• _WORKING DATA_
Start of Block

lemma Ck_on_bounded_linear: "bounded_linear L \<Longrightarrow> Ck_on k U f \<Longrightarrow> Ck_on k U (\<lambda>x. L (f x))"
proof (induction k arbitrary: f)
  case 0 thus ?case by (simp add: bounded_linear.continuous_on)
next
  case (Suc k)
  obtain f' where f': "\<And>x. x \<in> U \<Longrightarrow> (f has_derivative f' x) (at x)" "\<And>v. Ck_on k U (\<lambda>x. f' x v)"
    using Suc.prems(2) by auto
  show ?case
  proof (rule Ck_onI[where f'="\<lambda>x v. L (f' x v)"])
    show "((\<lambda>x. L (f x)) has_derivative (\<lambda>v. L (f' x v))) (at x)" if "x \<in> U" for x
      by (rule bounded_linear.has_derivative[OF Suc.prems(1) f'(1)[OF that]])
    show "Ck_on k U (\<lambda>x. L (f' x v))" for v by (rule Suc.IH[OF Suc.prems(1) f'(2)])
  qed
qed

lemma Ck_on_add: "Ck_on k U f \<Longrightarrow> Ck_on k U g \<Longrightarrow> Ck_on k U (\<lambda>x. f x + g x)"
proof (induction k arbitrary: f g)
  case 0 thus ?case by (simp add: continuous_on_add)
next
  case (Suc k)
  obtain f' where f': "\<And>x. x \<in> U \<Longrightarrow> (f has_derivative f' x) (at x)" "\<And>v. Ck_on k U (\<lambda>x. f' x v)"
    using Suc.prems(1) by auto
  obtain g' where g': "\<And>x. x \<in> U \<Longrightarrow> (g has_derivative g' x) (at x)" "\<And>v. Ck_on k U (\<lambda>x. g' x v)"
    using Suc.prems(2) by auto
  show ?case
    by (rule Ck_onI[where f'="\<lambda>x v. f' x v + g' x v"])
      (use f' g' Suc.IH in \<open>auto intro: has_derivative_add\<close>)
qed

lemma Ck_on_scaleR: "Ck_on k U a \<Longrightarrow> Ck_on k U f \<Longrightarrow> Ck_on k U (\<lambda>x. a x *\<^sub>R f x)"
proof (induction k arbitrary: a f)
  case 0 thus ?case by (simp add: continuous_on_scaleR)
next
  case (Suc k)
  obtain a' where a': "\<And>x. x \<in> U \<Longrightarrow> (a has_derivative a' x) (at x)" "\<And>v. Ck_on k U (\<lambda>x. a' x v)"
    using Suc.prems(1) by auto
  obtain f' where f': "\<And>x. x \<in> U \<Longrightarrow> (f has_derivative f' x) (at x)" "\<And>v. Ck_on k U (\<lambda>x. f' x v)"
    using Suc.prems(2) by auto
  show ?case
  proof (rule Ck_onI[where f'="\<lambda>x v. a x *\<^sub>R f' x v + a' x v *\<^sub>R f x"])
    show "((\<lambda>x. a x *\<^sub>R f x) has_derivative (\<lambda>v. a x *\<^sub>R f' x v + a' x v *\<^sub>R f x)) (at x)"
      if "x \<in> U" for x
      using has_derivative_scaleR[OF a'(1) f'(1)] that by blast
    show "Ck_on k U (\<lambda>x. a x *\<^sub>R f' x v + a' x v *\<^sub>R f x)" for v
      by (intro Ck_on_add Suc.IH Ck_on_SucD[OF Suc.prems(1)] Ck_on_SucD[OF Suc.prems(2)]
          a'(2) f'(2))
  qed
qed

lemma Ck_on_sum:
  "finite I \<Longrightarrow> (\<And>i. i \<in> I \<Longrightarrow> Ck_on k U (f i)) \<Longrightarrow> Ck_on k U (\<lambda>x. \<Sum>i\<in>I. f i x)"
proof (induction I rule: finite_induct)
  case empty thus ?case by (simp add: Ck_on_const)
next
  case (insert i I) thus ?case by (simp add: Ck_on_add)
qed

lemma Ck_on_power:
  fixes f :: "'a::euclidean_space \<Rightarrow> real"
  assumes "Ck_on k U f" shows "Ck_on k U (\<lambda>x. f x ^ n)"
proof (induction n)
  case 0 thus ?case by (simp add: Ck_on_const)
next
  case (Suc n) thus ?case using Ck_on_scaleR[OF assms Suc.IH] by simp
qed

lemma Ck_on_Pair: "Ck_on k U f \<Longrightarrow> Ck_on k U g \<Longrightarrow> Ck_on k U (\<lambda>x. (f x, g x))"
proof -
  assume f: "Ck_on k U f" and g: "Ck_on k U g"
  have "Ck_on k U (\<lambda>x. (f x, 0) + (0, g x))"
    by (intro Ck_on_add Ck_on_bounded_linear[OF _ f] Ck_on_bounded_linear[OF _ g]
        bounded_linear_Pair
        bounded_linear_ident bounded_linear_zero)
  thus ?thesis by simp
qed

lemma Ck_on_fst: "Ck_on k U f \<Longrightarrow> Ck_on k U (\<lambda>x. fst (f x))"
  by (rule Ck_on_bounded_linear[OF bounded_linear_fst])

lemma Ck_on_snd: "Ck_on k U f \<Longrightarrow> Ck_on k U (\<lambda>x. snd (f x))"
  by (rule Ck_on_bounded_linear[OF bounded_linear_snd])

End of Block
Start of Block

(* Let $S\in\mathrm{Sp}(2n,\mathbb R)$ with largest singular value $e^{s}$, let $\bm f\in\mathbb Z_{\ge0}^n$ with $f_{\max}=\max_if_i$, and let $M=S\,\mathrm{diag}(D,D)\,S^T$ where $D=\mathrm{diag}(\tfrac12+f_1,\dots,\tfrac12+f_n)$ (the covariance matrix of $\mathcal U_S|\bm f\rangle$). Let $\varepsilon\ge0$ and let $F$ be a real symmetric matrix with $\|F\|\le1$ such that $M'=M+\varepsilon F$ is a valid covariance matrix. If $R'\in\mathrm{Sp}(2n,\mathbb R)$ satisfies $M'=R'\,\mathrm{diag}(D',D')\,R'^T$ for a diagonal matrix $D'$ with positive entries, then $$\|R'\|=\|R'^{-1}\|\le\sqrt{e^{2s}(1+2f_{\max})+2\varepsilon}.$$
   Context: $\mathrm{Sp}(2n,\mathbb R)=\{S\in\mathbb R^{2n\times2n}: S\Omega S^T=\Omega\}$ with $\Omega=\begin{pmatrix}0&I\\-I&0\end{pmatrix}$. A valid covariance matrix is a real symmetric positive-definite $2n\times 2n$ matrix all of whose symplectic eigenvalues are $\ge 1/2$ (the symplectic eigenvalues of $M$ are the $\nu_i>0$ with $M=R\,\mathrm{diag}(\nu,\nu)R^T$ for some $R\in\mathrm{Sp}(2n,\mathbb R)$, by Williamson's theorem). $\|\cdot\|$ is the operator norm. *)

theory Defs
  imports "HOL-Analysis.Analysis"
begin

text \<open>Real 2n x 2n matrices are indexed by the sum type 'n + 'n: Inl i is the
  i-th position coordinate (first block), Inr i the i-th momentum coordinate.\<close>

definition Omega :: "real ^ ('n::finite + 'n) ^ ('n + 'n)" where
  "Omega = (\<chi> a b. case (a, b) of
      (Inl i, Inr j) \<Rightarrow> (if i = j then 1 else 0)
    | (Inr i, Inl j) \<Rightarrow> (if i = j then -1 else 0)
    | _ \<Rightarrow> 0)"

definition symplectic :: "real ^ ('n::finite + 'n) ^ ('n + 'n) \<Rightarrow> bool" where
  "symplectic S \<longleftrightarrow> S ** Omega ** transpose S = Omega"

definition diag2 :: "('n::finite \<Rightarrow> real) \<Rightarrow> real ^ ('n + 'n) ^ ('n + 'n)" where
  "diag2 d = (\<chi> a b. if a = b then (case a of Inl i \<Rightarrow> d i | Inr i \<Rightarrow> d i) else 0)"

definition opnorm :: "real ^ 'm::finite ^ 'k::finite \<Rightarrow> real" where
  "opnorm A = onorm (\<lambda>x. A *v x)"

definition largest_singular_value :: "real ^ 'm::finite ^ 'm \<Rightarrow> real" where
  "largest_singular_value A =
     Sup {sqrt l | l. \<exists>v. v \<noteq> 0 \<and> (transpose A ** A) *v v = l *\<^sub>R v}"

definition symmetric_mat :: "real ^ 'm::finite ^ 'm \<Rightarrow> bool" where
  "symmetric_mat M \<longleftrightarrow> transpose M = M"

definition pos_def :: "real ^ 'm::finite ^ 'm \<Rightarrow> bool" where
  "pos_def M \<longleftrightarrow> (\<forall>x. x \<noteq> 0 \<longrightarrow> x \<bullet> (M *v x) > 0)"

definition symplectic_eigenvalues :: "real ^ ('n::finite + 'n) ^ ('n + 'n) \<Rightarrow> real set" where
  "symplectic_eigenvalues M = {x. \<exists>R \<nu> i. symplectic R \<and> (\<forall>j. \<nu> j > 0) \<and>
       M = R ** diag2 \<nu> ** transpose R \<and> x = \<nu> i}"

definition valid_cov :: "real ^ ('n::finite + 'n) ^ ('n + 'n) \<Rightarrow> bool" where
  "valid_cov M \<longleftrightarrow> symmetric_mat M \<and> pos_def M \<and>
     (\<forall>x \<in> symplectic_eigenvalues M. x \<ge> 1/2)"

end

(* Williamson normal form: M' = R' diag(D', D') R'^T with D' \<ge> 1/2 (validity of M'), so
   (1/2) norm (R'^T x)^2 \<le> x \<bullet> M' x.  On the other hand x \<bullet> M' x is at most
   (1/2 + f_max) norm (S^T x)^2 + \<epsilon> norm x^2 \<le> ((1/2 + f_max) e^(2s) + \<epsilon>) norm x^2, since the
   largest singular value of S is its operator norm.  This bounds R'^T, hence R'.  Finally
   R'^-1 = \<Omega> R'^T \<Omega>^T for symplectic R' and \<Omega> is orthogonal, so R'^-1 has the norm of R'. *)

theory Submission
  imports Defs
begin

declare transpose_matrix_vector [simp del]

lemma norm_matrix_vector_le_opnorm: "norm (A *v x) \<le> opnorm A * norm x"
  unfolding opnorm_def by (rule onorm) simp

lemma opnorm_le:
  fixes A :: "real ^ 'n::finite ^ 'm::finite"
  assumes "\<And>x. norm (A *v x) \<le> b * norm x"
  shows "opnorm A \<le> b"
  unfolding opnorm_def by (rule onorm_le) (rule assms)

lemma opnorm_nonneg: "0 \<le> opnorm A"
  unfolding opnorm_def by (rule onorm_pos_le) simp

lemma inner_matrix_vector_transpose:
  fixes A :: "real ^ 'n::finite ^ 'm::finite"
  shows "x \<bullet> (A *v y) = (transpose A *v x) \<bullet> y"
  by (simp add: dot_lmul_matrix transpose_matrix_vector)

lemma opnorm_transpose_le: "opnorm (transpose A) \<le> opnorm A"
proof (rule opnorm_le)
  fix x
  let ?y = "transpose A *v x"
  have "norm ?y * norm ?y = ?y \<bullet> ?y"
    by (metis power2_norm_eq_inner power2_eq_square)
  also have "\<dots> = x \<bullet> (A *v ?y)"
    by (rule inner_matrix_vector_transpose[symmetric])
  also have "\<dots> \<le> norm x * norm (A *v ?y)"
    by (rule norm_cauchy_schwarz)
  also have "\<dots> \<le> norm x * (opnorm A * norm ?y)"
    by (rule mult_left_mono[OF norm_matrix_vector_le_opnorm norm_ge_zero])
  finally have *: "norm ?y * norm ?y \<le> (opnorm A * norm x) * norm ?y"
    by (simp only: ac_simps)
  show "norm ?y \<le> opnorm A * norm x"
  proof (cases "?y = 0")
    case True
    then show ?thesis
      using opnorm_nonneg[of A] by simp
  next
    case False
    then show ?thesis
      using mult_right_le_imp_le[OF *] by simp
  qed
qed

End of Block
Start of Block

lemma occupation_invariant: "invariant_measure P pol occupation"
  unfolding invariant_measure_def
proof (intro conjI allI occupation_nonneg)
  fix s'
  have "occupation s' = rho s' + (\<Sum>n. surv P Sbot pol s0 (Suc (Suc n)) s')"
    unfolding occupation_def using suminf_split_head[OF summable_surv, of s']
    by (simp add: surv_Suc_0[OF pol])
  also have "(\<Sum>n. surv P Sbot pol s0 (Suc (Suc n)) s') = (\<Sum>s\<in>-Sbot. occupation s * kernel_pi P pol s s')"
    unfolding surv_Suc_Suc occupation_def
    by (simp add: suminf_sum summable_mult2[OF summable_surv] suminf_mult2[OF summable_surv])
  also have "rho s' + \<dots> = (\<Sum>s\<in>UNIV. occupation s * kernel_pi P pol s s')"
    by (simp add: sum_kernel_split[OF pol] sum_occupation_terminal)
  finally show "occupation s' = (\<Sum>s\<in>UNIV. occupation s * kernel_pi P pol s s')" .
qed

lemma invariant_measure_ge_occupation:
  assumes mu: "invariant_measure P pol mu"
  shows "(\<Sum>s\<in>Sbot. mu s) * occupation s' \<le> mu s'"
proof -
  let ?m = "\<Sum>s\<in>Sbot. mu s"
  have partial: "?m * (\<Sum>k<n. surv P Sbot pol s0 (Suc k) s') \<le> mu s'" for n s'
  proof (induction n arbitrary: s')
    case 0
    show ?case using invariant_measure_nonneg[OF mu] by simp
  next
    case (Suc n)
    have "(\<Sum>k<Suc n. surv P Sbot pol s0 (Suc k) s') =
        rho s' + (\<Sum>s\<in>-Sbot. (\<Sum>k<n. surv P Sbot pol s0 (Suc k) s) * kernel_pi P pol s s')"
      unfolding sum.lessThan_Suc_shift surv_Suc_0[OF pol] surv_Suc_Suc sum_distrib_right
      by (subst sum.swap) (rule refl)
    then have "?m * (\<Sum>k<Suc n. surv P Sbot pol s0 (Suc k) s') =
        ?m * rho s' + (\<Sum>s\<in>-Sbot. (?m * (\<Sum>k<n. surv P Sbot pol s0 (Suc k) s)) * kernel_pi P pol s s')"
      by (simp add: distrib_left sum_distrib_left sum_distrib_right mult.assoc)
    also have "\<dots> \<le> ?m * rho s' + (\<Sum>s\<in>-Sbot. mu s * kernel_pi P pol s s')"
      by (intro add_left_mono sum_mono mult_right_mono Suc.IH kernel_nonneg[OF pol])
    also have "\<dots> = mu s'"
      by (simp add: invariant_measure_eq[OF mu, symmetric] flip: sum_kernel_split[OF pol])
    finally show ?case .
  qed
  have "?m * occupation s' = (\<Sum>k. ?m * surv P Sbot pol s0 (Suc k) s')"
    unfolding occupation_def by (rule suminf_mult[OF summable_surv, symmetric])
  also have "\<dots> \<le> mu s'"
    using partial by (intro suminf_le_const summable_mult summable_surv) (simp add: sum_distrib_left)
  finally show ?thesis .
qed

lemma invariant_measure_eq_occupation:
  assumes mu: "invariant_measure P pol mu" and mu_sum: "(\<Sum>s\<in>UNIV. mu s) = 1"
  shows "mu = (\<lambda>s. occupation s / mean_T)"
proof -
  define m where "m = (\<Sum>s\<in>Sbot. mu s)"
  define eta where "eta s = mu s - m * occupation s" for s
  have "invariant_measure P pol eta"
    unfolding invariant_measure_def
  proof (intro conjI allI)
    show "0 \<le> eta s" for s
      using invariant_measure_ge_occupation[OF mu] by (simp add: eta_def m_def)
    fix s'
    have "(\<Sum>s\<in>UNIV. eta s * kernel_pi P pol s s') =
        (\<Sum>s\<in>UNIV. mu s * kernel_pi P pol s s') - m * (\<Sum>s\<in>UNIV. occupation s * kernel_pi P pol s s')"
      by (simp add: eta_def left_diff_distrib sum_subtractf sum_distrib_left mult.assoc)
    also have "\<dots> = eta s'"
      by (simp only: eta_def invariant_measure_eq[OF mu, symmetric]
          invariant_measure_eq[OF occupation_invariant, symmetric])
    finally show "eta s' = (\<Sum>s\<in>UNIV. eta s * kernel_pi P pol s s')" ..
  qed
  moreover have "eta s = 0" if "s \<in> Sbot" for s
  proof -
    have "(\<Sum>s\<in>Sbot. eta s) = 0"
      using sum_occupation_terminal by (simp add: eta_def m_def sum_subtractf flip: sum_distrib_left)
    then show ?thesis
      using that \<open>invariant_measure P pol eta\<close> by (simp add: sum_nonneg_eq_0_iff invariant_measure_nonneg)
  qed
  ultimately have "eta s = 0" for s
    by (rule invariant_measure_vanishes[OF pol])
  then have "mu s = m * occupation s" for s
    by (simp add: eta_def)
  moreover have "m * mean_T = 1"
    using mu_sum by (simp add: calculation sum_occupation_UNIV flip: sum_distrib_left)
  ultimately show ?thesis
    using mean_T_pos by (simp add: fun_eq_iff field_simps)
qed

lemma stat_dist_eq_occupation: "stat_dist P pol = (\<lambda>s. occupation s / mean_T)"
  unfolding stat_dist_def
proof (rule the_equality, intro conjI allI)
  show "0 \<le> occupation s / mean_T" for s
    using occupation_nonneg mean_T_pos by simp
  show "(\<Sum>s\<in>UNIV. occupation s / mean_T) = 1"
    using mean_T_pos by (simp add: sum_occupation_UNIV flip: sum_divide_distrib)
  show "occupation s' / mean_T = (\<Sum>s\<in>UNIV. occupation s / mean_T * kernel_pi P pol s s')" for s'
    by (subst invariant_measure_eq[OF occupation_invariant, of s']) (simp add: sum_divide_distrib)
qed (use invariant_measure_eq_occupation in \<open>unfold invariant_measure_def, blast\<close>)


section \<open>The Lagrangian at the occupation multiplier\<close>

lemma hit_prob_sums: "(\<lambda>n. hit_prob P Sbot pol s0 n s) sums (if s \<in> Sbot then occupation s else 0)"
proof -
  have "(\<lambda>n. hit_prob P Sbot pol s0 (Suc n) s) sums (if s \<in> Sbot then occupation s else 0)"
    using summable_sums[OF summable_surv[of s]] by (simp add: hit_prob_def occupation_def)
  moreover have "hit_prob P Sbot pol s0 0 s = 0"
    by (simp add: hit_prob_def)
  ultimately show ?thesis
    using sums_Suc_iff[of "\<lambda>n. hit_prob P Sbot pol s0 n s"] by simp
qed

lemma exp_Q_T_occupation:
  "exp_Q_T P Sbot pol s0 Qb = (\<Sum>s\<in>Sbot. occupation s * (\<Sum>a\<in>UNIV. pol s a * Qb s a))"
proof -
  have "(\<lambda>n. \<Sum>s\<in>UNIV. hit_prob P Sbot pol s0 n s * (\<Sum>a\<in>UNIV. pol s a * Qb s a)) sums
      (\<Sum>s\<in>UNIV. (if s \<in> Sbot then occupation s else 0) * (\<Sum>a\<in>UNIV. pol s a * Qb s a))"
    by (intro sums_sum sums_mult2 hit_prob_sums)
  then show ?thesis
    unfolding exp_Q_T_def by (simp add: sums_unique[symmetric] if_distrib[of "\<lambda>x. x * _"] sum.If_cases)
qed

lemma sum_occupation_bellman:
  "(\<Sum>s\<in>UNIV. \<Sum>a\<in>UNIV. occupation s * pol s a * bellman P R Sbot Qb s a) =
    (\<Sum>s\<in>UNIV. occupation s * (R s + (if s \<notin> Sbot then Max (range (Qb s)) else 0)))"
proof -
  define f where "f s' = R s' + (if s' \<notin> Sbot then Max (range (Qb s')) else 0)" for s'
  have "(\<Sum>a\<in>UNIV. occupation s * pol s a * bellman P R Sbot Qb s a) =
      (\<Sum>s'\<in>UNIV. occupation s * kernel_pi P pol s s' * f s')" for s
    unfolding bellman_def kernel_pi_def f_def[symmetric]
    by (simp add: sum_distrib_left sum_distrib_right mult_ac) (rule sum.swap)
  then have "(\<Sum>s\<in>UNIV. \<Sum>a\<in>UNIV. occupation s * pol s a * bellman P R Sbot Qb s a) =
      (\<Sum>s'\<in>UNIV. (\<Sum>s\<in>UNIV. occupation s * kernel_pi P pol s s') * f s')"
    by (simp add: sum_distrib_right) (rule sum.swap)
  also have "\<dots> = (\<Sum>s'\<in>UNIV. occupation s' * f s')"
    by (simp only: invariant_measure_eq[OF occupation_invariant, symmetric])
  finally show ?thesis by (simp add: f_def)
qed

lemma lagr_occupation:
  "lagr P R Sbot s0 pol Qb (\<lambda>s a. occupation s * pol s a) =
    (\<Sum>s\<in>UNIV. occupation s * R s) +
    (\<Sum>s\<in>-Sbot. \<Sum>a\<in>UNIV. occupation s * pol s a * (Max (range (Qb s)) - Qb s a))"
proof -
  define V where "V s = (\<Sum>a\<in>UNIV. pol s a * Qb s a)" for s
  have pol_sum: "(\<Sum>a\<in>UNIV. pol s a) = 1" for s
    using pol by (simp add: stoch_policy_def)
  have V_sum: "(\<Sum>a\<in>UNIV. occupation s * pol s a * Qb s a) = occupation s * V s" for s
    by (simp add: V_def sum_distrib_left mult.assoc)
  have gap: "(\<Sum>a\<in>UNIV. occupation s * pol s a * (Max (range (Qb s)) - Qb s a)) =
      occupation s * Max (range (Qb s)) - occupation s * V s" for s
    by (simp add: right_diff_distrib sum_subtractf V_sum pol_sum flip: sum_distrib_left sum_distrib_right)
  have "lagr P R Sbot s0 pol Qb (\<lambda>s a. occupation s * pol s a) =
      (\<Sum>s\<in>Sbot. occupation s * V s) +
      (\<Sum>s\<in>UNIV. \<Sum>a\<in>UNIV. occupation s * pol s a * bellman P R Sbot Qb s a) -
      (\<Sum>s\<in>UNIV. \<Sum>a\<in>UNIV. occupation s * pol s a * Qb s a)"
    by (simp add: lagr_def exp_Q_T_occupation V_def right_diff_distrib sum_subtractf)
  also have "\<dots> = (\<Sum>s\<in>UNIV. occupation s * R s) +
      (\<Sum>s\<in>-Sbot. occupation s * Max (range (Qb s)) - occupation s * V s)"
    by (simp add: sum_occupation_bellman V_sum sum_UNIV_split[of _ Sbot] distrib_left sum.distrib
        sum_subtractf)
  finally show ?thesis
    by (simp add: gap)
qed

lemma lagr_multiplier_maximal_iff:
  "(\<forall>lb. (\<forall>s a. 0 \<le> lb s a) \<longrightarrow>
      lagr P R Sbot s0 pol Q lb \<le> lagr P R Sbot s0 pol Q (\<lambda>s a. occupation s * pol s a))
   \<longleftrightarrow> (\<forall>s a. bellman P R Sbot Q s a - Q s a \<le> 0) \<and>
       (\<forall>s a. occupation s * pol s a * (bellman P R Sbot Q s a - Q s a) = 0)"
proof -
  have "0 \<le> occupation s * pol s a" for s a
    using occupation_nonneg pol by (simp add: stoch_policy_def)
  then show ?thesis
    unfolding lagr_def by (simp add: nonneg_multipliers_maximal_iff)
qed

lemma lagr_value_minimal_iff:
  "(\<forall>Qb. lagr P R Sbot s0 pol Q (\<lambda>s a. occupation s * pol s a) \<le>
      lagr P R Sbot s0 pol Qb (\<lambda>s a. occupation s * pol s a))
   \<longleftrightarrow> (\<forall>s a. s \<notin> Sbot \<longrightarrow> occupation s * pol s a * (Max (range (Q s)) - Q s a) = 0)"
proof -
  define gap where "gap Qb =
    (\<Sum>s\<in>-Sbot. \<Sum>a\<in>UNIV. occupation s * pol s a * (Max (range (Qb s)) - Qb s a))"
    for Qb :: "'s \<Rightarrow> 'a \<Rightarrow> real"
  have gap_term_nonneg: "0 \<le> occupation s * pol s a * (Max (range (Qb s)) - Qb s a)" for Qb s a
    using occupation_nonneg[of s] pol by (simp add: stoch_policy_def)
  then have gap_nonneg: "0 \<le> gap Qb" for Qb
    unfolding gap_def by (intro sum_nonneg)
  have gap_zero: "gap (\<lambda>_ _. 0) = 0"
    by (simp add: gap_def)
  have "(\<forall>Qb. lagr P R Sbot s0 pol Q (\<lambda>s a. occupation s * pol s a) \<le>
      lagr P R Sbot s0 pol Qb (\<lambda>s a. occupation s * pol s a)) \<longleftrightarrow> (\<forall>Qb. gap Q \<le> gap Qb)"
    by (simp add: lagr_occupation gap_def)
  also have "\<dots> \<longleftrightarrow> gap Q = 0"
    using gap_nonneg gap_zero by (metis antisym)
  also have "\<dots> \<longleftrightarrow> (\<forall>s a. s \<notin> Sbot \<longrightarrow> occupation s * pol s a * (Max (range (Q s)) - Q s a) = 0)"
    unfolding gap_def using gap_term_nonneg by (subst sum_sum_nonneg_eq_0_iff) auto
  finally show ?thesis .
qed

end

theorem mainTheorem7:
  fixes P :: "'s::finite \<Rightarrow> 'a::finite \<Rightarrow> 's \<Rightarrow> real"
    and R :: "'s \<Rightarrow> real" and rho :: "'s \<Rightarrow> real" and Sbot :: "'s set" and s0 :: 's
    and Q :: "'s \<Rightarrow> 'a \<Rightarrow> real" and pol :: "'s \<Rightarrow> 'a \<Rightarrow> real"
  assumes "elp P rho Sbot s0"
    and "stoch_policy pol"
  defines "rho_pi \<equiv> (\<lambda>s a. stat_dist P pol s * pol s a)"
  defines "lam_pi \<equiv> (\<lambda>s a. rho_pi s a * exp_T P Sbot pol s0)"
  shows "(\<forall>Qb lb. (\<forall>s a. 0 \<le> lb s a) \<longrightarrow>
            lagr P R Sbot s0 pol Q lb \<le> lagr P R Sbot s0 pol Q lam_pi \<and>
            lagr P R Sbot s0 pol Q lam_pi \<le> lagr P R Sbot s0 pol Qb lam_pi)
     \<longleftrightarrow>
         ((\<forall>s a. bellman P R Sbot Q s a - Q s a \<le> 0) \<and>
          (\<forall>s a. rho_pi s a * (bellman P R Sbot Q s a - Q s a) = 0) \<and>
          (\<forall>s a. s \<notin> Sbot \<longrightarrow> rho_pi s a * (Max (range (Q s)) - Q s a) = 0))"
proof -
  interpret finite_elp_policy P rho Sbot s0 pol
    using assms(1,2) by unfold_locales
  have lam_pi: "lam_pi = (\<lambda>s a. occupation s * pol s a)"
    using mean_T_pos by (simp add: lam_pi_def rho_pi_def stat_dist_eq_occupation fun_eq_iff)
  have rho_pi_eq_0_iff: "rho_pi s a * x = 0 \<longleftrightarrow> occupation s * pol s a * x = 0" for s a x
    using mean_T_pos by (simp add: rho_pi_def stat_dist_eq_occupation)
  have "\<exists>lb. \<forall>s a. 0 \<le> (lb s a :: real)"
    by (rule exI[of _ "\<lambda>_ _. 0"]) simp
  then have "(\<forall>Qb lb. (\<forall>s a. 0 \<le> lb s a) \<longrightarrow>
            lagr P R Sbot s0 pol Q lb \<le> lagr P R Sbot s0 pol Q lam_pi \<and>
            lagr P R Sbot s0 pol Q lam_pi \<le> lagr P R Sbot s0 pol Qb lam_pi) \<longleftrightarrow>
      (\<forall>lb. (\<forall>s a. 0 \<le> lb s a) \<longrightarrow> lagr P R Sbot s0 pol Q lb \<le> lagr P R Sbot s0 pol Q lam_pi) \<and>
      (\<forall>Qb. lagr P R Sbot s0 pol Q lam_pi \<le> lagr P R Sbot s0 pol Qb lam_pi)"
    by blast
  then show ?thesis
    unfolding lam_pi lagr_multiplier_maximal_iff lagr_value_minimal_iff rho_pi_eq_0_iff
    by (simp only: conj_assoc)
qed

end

End of Block

• _WHAT THE EXERCISE ASKS_
When you reach the line holding "unfolding gap_def using" in the records above, begin reproducing exactly, stop after the line holding "and s0 :: 's", and output nothing else.

• _PROBLEM SOLUTION_
    unfolding gap_def using gap_term_nonneg by (subst sum_sum_nonneg_eq_0_iff) auto
  finally show ?thesis .
qed

end

theorem mainTheorem7:
  fixes P :: "'s::finite \<Rightarrow> 'a::finite \<Rightarrow> 's \<Rightarrow> real"
    and R :: "'s \<Rightarrow> real" and rho :: "'s \<Rightarrow> real" and Sbot :: "'s set" and s0 :: 's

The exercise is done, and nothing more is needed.